• _Directions for this task_
Using the records below, give the number of lines where the word "imports" appears, with no further output.

• _Available records_
Segment Open

(* Let $U$ be the open unit disc centred at the origin of $\mathbb{R}^2$, $f\colon\partial U\to\mathbb{R}$, and suppose $G_f(t)=f(e^{it})$ is Laplace integrable on $[-\pi,\pi]$. Then for every $(r,\theta)\in[0,1)\times[-\pi,\pi]$ the Laplace integral \[F(r,\theta)=\frac{1}{2\pi}\int_{-\pi}^{\pi}G_f(t)P_r(\theta-t)\,dt,\qquad P_r(u)=\frac{1-r^2}{1-2r\cos u+r^2},\] is well defined, and the function $re^{i\theta}\mapsto F(r,\theta)$ is harmonic on $U$.
   Context: Laplace integral on $[a,b]$: with lower/upper Laplace derivates $\underline{LD}_1F(x)$, $\overline{LD}_1F(x)$ being the minimum of the $\liminf$'s, resp. maximum of the $\limsup$'s, as $s\to\infty$ of $s^2\int_0^\delta e^{-st}[F(x+t)-F(x)]dt$ and $(-s^2)\int_0^\delta e^{-st}[F(x-t)-F(x)]dt$ (one-sided at endpoints), a major function of $h$ is a continuous $W$ with $\underline{LD}_1W\geqslant h$, $\underline{LD}_1W>-\infty$ everywhere on $[a,b]$, a minor function a continuous $V$ with $\overline{LD}_1V\leqslant h$, $\overline{LD}_1V<\infty$ everywhere, and $h$ is Laplace integrable if $\sup_V(V(b)-V(a))=\inf_W(W(b)-W(a))$ is finite, the value being $\int_a^bh$. *)

theory Defs
  imports "HOL-Analysis.Analysis"
begin

definition lap_right :: "(real \<Rightarrow> real) \<Rightarrow> real \<Rightarrow> real \<Rightarrow> real \<Rightarrow> real" where
  "lap_right F x d s = s\<^sup>2 * integral {0..d} (\<lambda>t. exp (- s * t) * (F (x + t) - F x))"

definition lap_left :: "(real \<Rightarrow> real) \<Rightarrow> real \<Rightarrow> real \<Rightarrow> real \<Rightarrow> real" where
  "lap_left F x d s = (- s\<^sup>2) * integral {0..d} (\<lambda>t. exp (- s * t) * (F (x - t) - F x))"

text \<open>Convention for delta: at an interior point we take d = min (x-a) (b-x);
  at the endpoints only the one-sided quotient is used, with d = b - a.
  (For continuous F the liminf/limsup do not depend on the choice of d > 0.)\<close>

definition lower_LD :: "real \<Rightarrow> real \<Rightarrow> (real \<Rightarrow> real) \<Rightarrow> real \<Rightarrow> ereal" where
  "lower_LD a b F x =
     (if x = a then Liminf at_top (\<lambda>s. ereal (lap_right F x (b - a) s))
      else if x = b then Liminf at_top (\<lambda>s. ereal (lap_left F x (b - a) s))
      else min (Liminf at_top (\<lambda>s. ereal (lap_right F x (min (x - a) (b - x)) s)))
               (Liminf at_top (\<lambda>s. ereal (lap_left F x (min (x - a) (b - x)) s))))"

definition upper_LD :: "real \<Rightarrow> real \<Rightarrow> (real \<Rightarrow> real) \<Rightarrow> real \<Rightarrow> ereal" where
  "upper_LD a b F x =
     (if x = a then Limsup at_top (\<lambda>s. ereal (lap_right F x (b - a) s))
      else if x = b then Limsup at_top (\<lambda>s. ereal (lap_left F x (b - a) s))
      else max (Limsup at_top (\<lambda>s. ereal (lap_right F x (min (x - a) (b - x)) s)))
               (Limsup at_top (\<lambda>s. ereal (lap_left F x (min (x - a) (b - x)) s))))"

definition laplace_major :: "real \<Rightarrow> real \<Rightarrow> (real \<Rightarrow> real) \<Rightarrow> (real \<Rightarrow> real) \<Rightarrow> bool" where
  "laplace_major a b h W \<longleftrightarrow> continuous_on {a..b} W \<and>
     (\<forall>x\<in>{a..b}. lower_LD a b W x \<ge> ereal (h x) \<and> lower_LD a b W x > -\<infinity>)"

definition laplace_minor :: "real \<Rightarrow> real \<Rightarrow> (real \<Rightarrow> real) \<Rightarrow> (real \<Rightarrow> real) \<Rightarrow> bool" where
  "laplace_minor a b h V \<longleftrightarrow> continuous_on {a..b} V \<and>
     (\<forall>x\<in>{a..b}. upper_LD a b V x \<le> ereal (h x) \<and> upper_LD a b V x < \<infinity>)"

definition laplace_upper :: "real \<Rightarrow> real \<Rightarrow> (real \<Rightarrow> real) \<Rightarrow> ereal" where
  "laplace_upper a b h = (INF W \<in> {W. laplace_major a b h W}. ereal (W b - W a))"

definition laplace_lower :: "real \<Rightarrow> real \<Rightarrow> (real \<Rightarrow> real) \<Rightarrow> ereal" where
  "laplace_lower a b h = (SUP V \<in> {V. laplace_minor a b h V}. ereal (V b - V a))"

definition laplace_integrable :: "real \<Rightarrow> real \<Rightarrow> (real \<Rightarrow> real) \<Rightarrow> bool" where
  "laplace_integrable a b h \<longleftrightarrow>
     laplace_lower a b h = laplace_upper a b h \<and> \<bar>laplace_upper a b h\<bar> \<noteq> \<infinity>"

definition laplace_integral :: "real \<Rightarrow> real \<Rightarrow> (real \<Rightarrow> real) \<Rightarrow> real" where
  "laplace_integral a b h = real_of_ereal (laplace_upper a b h)"

definition poisson_kernel :: "real \<Rightarrow> real \<Rightarrow> real" where
  "poisson_kernel r u = (1 - r\<^sup>2) / (1 - 2 * r * cos u + r\<^sup>2)"

definition has_pdx :: "(complex \<Rightarrow> real) \<Rightarrow> real \<Rightarrow> complex \<Rightarrow> bool" where
  "has_pdx g d z \<longleftrightarrow> ((\<lambda>t. g (z + complex_of_real t)) has_real_derivative d) (at 0)"

definition has_pdy :: "(complex \<Rightarrow> real) \<Rightarrow> real \<Rightarrow> complex \<Rightarrow> bool" where
  "has_pdy g d z \<longleftrightarrow> ((\<lambda>t. g (z + \<i> * complex_of_real t)) has_real_derivative d) (at 0)"

definition harmonic_on :: "complex set \<Rightarrow> (complex \<Rightarrow> real) \<Rightarrow> bool" where
  "harmonic_on S u \<longleftrightarrow> open S \<and>
     (\<exists>ux uy uxx uxy uyx uyy.
        (\<forall>z\<in>S. has_pdx u (ux z) z \<and> has_pdy u (uy z) z \<and>
                has_pdx ux (uxx z) z \<and> has_pdy ux (uxy z) z \<and>
                has_pdx uy (uyx z) z \<and> has_pdy uy (uyy z) z \<and>
                uxx z + uyy z = 0) \<and>
        continuous_on S u \<and> continuous_on S ux \<and> continuous_on S uy \<and>
        continuous_on S uxx \<and> continuous_on S uxy \<and>
        continuous_on S uyx \<and> continuous_on S uyy)"

end

theory Submission
  imports Defs "HOL-Real_Asymp.Real_Asymp" "HOL-Complex_Analysis.Complex_Analysis"
begin

text \<open>
  For Laplace integrable \<open>h\<close> on \<open>[a, b]\<close> let \<open>H(x)\<close> be the infimum of \<open>W(x) - W(a)\<close> over the
  major functions \<open>W\<close>. Given a positive \<open>C\<^sup>1\<close> weight \<open>\<phi>\<close>, the increments of
  \<open>W \<phi> - \<integral> W \<phi>'\<close> (a primitive of \<open>\<phi> dW\<close>) at \<open>x\<close> are \<open>\<phi>(x)\<close> times those of \<open>W\<close> up to
  \<open>o(\<bar>y - x\<bar>)\<close>. Laplace derivates do not see such errors, so this map turns major and minor
  functions of \<open>h\<close> into major and minor functions of \<open>h \<phi>\<close>. Since \<open>H\<close> is squeezed between
  majors and minors of \<open>h\<close>, the product \<open>h \<phi>\<close> is Laplace integrable with integral
  \<open>H(b) \<phi>(b) - \<integral>\<^sub>a\<^sup>b H \<phi>'\<close>.

  The Poisson kernel \<open>t \<mapsto> P\<^sub>r(\<theta> - t)\<close> is such a weight on \<open>[-\<pi>, \<pi>]\<close>: it is the real part of
  the Schwarz kernel \<open>(e\<^sup>i\<^sup>t + z) / (e\<^sup>i\<^sup>t - z)\<close> at \<open>z = r e\<^sup>i\<^sup>\<theta>\<close>. So the Laplace integral
  is the real part of the Schwarz integral of \<open>dH\<close>, which is holomorphic in \<open>z\<close> by
  differentiation under the integral sign, and hence harmonic.
\<close>

section \<open>Laplace quotients\<close>

lemma has_integral_exp_mult_id:
  fixes s \<eta> :: real
  assumes "s > 0" "\<eta> \<ge> 0"
  shows "((\<lambda>t. exp (- s * t) * t) has_integral (1 - exp (- s * \<eta>) * (1 + s * \<eta>)) / s\<^sup>2) {0..\<eta>}"
proof -
  let ?F = "\<lambda>t. - (exp (- s * t) * (1 + s * t)) / s\<^sup>2"
  have "((\<lambda>t. exp (- s * t) * t) has_integral (?F \<eta> - ?F 0)) {0..\<eta>}"
  proof (rule fundamental_theorem_of_calculus[OF \<open>\<eta> \<ge> 0\<close>])
    fix t assume "t \<in> {0..\<eta>}"
    show "(?F has_vector_derivative exp (- s * t) * t) (at t within {0..\<eta>})"
      unfolding has_real_derivative_iff_has_vector_derivative[symmetric]
      by (rule derivative_eq_intros refl | use \<open>s > 0\<close> in \<open>simp add: field_simps power2_eq_square\<close>)+
  qed
  also have "?F \<eta> - ?F 0 = (1 - exp (- s * \<eta>) * (1 + s * \<eta>)) / s\<^sup>2"
    using \<open>s > 0\<close> by (simp add: field_simps)
  finally show ?thesis .
qed

text \<open>Near \<open>t = 0\<close> the kernel \<open>s\<^sup>2 exp (- s t)\<close> has mass \<open>1\<close> against \<open>t\<close>, and it decays
  exponentially away from \<open>0\<close>; so only the behaviour of \<open>E t\<close> for small \<open>t\<close> matters.\<close>

lemma laplace_quotient_le:
  fixes E :: "real \<Rightarrow> real"
  assumes "s > 0" "0 < \<eta>" "\<eta> \<le> \<delta>" "continuous_on {0..\<delta>} E"
    and E_le: "\<And>t. t \<in> {0..\<eta>} \<Longrightarrow> E t \<le> c * t" and M: "\<And>t. t \<in> {0..\<delta>} \<Longrightarrow> \<bar>E t\<bar> \<le> M"
  shows "s\<^sup>2 * integral {0..\<delta>} (\<lambda>t. exp (- s * t) * E t)
    \<le> c * (1 - exp (- s * \<eta>) * (1 + s * \<eta>)) + (\<delta> - \<eta>) * M * (s\<^sup>2 * exp (- s * \<eta>))"
proof -
  let ?f = "\<lambda>t. exp (- s * t) * E t"
  have int_f: "?f integrable_on {0..\<delta>}"
    by (intro integrable_continuous_interval continuous_intros assms)
  have split: "integral {0..\<eta>} ?f + integral {\<eta>..\<delta>} ?f = integral {0..\<delta>} ?f"
    by (rule Henstock_Kurzweil_Integration.integral_combine) (use assms int_f in auto)
  have near: "integral {0..\<eta>} ?f \<le> c * ((1 - exp (- s * \<eta>) * (1 + s * \<eta>)) / s\<^sup>2)"
  proof (rule has_integral_le)
    show "(?f has_integral integral {0..\<eta>} ?f) {0..\<eta>}"
      by (intro integrable_integral integrable_subinterval_real[OF int_f]) (use assms in auto)
    show "((\<lambda>t. c * (exp (- s * t) * t)) has_integral
        c * ((1 - exp (- s * \<eta>) * (1 + s * \<eta>)) / s\<^sup>2)) {0..\<eta>}"
      using has_integral_exp_mult_id[of s \<eta>] assms by (intro has_integral_mult_right) auto
  qed (use E_le in \<open>simp add: mult.left_commute\<close>)
  have "norm (integral {\<eta>..\<delta>} ?f) \<le> exp (- s * \<eta>) * M * (\<delta> - \<eta>)"
  proof (rule integral_bound)
    show "continuous_on {\<eta>..\<delta>} ?f"
      by (intro continuous_intros continuous_on_subset[OF assms(4)]) (use assms in auto)
    fix t assume t: "t \<in> {\<eta>..\<delta>}"
    have "norm (?f t) = exp (- s * t) * \<bar>E t\<bar>"
      by (simp add: abs_mult)
    also have "\<dots> \<le> exp (- s * \<eta>) * M"
      using t assms M[of t] by (intro mult_mono) auto
    finally show "norm (?f t) \<le> exp (- s * \<eta>) * M" .
  qed (use assms in auto)
  then have far: "integral {\<eta>..\<delta>} ?f \<le> exp (- s * \<eta>) * M * (\<delta> - \<eta>)"
    by simp
  have "s\<^sup>2 * integral {0..\<delta>} ?f
      \<le> s\<^sup>2 * (c * ((1 - exp (- s * \<eta>) * (1 + s * \<eta>)) / s\<^sup>2) + exp (- s * \<eta>) * M * (\<delta> - \<eta>))"
    using near far split by (intro mult_left_mono) auto
  also have "\<dots> = c * (1 - exp (- s * \<eta>) * (1 + s * \<eta>)) + (\<delta> - \<eta>) * M * (s\<^sup>2 * exp (- s * \<eta>))"
    using \<open>s > 0\<close> by (simp add: field_simps)
  finally show ?thesis .
qed

lemma laplace_quotient_eventually_le:
  fixes E :: "real \<Rightarrow> real"
  assumes "0 < \<eta>" "\<eta> \<le> \<delta>" "continuous_on {0..\<delta>} E"
    and "\<And>t. t \<in> {0..\<eta>} \<Longrightarrow> E t \<le> c * t" and "e > 0"
  shows "eventually (\<lambda>s. s\<^sup>2 * integral {0..\<delta>} (\<lambda>t. exp (- s * t) * E t) \<le> c + e) at_top"
proof -
  obtain M where M: "\<And>t. t \<in> {0..\<delta>} \<Longrightarrow> \<bar>E t\<bar> \<le> M"
    using continuous_on_compact_bound[OF compact_Icc \<open>continuous_on {0..\<delta>} E\<close>] by (metis real_norm_def)
  have "((\<lambda>s. c * (1 - exp (- s * \<eta>) * (1 + s * \<eta>)) + (\<delta> - \<eta>) * M * (s\<^sup>2 * exp (- s * \<eta>))) \<longlongrightarrow> c) at_top"
    using \<open>\<eta> > 0\<close> by real_asymp
  then have "eventually (\<lambda>s. c * (1 - exp (- s * \<eta>) * (1 + s * \<eta>))
      + (\<delta> - \<eta>) * M * (s\<^sup>2 * exp (- s * \<eta>)) < c + e) at_top"
    using \<open>e > 0\<close> by (simp add: order_tendsto_iff)
  moreover have "eventually (\<lambda>s::real. s > 0) at_top"
    by (rule eventually_gt_at_top)
  ultimately show ?thesis
    by eventually_elim (use laplace_quotient_le[OF _ assms(1-4) M] in fastforce)
qed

Segment Closed

• _Solution_
2